Similar to automobiles. Mercedes is recognized as a higher quality car than Ford...but they both get you there!


----------



## allhamps (Mar 15, 2007)

I think everyone here has already covered the point that Swavorski are the best and most expensive stones on the market. What's important, is the quality/cost your market can sustain. Get samples, develop a pricing strategy for each type of stone, and put out some sample designs for sale to see what's acceptable.

It's also a matter of customer preferance. Some customers ONLY want Swavorski. Some customers just THINK they want Swavorski. I recently did a design for a custom invitation where the bride was insistent on having Swavorski because she heard they were the best. I did three samples, Korean, Machine Cut & Swavorski, with appropriate prices for each. When I gave them to her to preview, her first question/statement was: "I don't see the difference in the stones why the Swavorski are so expensive." Well to those of us who have been doing this a while, WE can definitely see the difference. But to some, they tend to choose the best bling for the lowest price, and the right Korean stones meets that need.


----------



## sjidohair (Apr 9, 2008)

I just finished a Huge Monster order With All Swarovski Stones, 

This Client of mine Lives in Vegas and has many garments placed all over Vegas,,, 

This same client will use Precosia stones in California and Ny.

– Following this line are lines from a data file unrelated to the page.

(* Let $\mathcal A$ be an $N\times N$ Hermitian matrix and, for $k=0,1,\dots,N-1$, let $\mathcal A^k$ be the matrix whose entries equal those of $\mathcal A$ on the $k$-th supra- and infra-diagonals (entries $(i,i+k)$ and $(i+k,i)$) and are zero elsewhere. Let $\psi\in\mathbb{C}^N$ be a normalized vector (not necessarily an eigenvector), and set $d_k=(\psi,\mathcal A^k\psi)$ and $\lambda=(\psi,\mathcal A\psi)=\sum_{k=0}^{N-1}d_k$. Let $M\le N$ be a positive integer. Then there exist an integer $n\in[0,N-M]$ and a normalized vector $\phi\in\mathbb{C}^N$ with $\phi_j=0$ unless $n+1\le j\le n+M$, such that $$(\phi,\mathcal A\phi)\le\lambda+\frac{C}{M^2}\sum_{k=1}^{M-1}k^2|d_k|+C\sum_{k=M}^{N-1}|d_k|,$$ where $C>0$ is a universal constant. *)

theory Defs
  imports Complex_Main
begin

text \<open>N x N complex matrices are represented as functions nat => nat => complex,
  vectors in C^N as functions nat => complex; indices range over 1..N.\<close>

definition hermitian_mat :: "nat \<Rightarrow> (nat \<Rightarrow> nat \<Rightarrow> complex) \<Rightarrow> bool" where
  "hermitian_mat N A \<longleftrightarrow> (\<forall>i\<in>{1..N}. \<forall>j\<in>{1..N}. A j i = cnj (A i j))"

definition inner_mat :: "nat \<Rightarrow> (nat \<Rightarrow> complex) \<Rightarrow> (nat \<Rightarrow> nat \<Rightarrow> complex) \<Rightarrow> (nat \<Rightarrow> complex) \<Rightarrow> complex" where
  "inner_mat N x A y = (\<Sum>i=1..N. cnj (x i) * (\<Sum>j=1..N. A i j * y j))"

definition vnorm2 :: "nat \<Rightarrow> (nat \<Rightarrow> complex) \<Rightarrow> real" where
  "vnorm2 N x = (\<Sum>i=1..N. (cmod (x i))\<^sup>2)"

definition band :: "(nat \<Rightarrow> nat \<Rightarrow> complex) \<Rightarrow> nat \<Rightarrow> (nat \<Rightarrow> nat \<Rightarrow> complex)" where
  "band A k = (\<lambda>i j. if j = i + k \<or> i = j + k then A i j else 0)"

end

theory Submission
  imports Defs
begin

text \<open>Multiply \<psi> by the translates \<open>\<chi>(\<cdot> - n)\<close> of the tent window \<open>\<chi> = tent M\<close> of
  width \<open>M\<close>. Summed over \<open>n\<close>, the energies of these localized vectors give
  \<open>\<Sum>\<^sub>k G(k) d\<^sub>k\<close> and their squared norms give \<open>G(0)\<close>, where \<open>G = tent_autocorr M\<close> is
  the autocorrelation of \<open>\<chi>\<close>; hence some translate has Rayleigh quotient at most
  \<open>\<Sum>\<^sub>k G(k) d\<^sub>k / G(0)\<close>. As \<open>\<chi>\<close> is 1-Lipschitz, \<open>0 \<le> G(0) - G(k) \<le> M k\<^sup>2\<close>; moreover
  \<open>G(k) = 0\<close> for \<open>k \<ge> M\<close> and \<open>G(0) \<ge> M\<^sup>3/32\<close>, which bounds the excess over
  \<open>\<lambda> = \<Sum>\<^sub>k d\<^sub>k\<close> with \<open>C = 32\<close>. Only real parts enter.\<close>

definition tent :: "nat \<Rightarrow> int \<Rightarrow> real" where
  "tent M m = of_int (max 0 (min m (int M + 1 - m)))"

definition tent_autocorr :: "nat \<Rightarrow> int \<Rightarrow> real" where
  "tent_autocorr M t = (\<Sum>m\<in>{1..int M}. tent M m * tent M (m + t))"

lemma sum_int_interval_shift:
  fixes h :: "int \<Rightarrow> 'a::comm_monoid_add"
  shows "(\<Sum>m\<in>{c..d}. h (m + t)) = sum h {c + t..d + t}"
  by (rule sum.reindex_bij_witness[of _ "\<lambda>m. m - t" "\<lambda>m. m + t"]) auto

lemma sum_int_interval_supported:
  fixes h :: "int \<Rightarrow> 'a::comm_monoid_add"
  assumes "\<And>m. m \<notin> {a..b} \<Longrightarrow> h m = 0" and "{a..b} \<subseteq> {c..d}"
  shows "sum h {c..d} = sum h {a..b}"
  by (rule sum.mono_neutral_right) (use assms in auto)

subsection \<open>The tent window and its autocorrelation\<close>

lemma tent_eq_0: "m \<notin> {1..int M} \<Longrightarrow> tent M m = 0"
  unfolding tent_def by auto

lemma tent_nonneg: "0 \<le> tent M m"
  unfolding tent_def by auto

lemma tent_lipschitz: "\<bar>tent M a - tent M b\<bar> \<le> of_int \<bar>a - b\<bar>"
proof -
  have "\<bar>max 0 (min a (int M + 1 - a)) - max 0 (min b (int M + 1 - b))\<bar> \<le> \<bar>a - b\<bar>"
    by (simp add: min_def max_def abs_if)
  then show ?thesis
    unfolding tent_def by (metis of_int_abs of_int_diff of_int_le_iff)
qed

lemma tent_autocorr_minus: "tent_autocorr M (- t) = tent_autocorr M t"
proof -
  have "tent_autocorr M (- t) = (\<Sum>m\<in>{1 - t..int M - t}. tent M m * tent M (m + t))"
    unfolding tent_autocorr_def
    by (rule sum.reindex_bij_witness[of _ "\<lambda>m. m + t" "\<lambda>m. m - t"]) (auto simp: mult.commute)
  also have "\<dots> = (\<Sum>m\<in>{1 - \<bar>t\<bar>..int M + \<bar>t\<bar>}. tent M m * tent M (m + t))"
    by (rule sum_int_interval_supported[symmetric]) (auto simp: tent_eq_0)
  also have "\<dots> = tent_autocorr M t"
    unfolding tent_autocorr_def by (rule sum_int_interval_supported) (auto simp: tent_eq_0)
  finally show ?thesis .
qed

lemma tent_autocorr_abs: "tent_autocorr M \<bar>t\<bar> = tent_autocorr M t"
  by (cases "0 \<le> t") (simp_all add: tent_autocorr_minus)

lemma sum_tent_translates:
  assumes "1 \<le> i" "i \<le> int N"
  shows "(\<Sum>n\<in>{- int M..int N}. tent M (i - n) * tent M (j - n)) = tent_autocorr M (j - i)"
proof -
  have "(\<Sum>n\<in>{- int M..int N}. tent M (i - n) * tent M (j - n))
      = (\<Sum>m\<in>{i - int N..i + int M}. tent M m * tent M (m + (j - i)))"
    by (rule sum.reindex_bij_witness[of _ "\<lambda>m. i - m" "\<lambda>n. i - n"]) auto
  also have "\<dots> = tent_autocorr M (j - i)"
    unfolding tent_autocorr_def by (rule sum_int_interval_supported) (use assms in \<open>auto simp: tent_eq_0\<close>)
  finally show ?thesis .
qed

lemma tent_autocorr_eq_0: "int M \<le> t \<Longrightarrow> tent_autocorr M t = 0"
  unfolding tent_autocorr_def by (rule sum.neutral) (auto simp: tent_eq_0)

Locations will dictate what kind of stone is used,, and in Vegas they only want Swarovski Placed in the best shops,, such as the Belligio and the Venetian shops, the prices are high for the stones, but the prices these garments bring are just as High.

I just had a note this am, that the surcharge for Swarovski is going higher as the american dollar drops.

Swarovski have a place in our industry as well as all the other kinds of stones, and most have grades of quality within each level of each stone

Swarovski
Precosia
Machine cut
Korean
Chinease

Hope this helped.

Get some samples and let the stones , themselves show you the different facets,, and clarity of each stones as well as glue.

I keep all on hand to show clients and then let them tell me what they want.

Sandy jo
MMM


----------



## veedub3 (Mar 29, 2007)

sjidohair said:


> I just had a note this am, that the surcharge for Swarovski is going higher as the american dollar drops.


Got that letter from my supplier in February for both the Swarovski and the Precosia stones, sure hope another increase is not on the way. 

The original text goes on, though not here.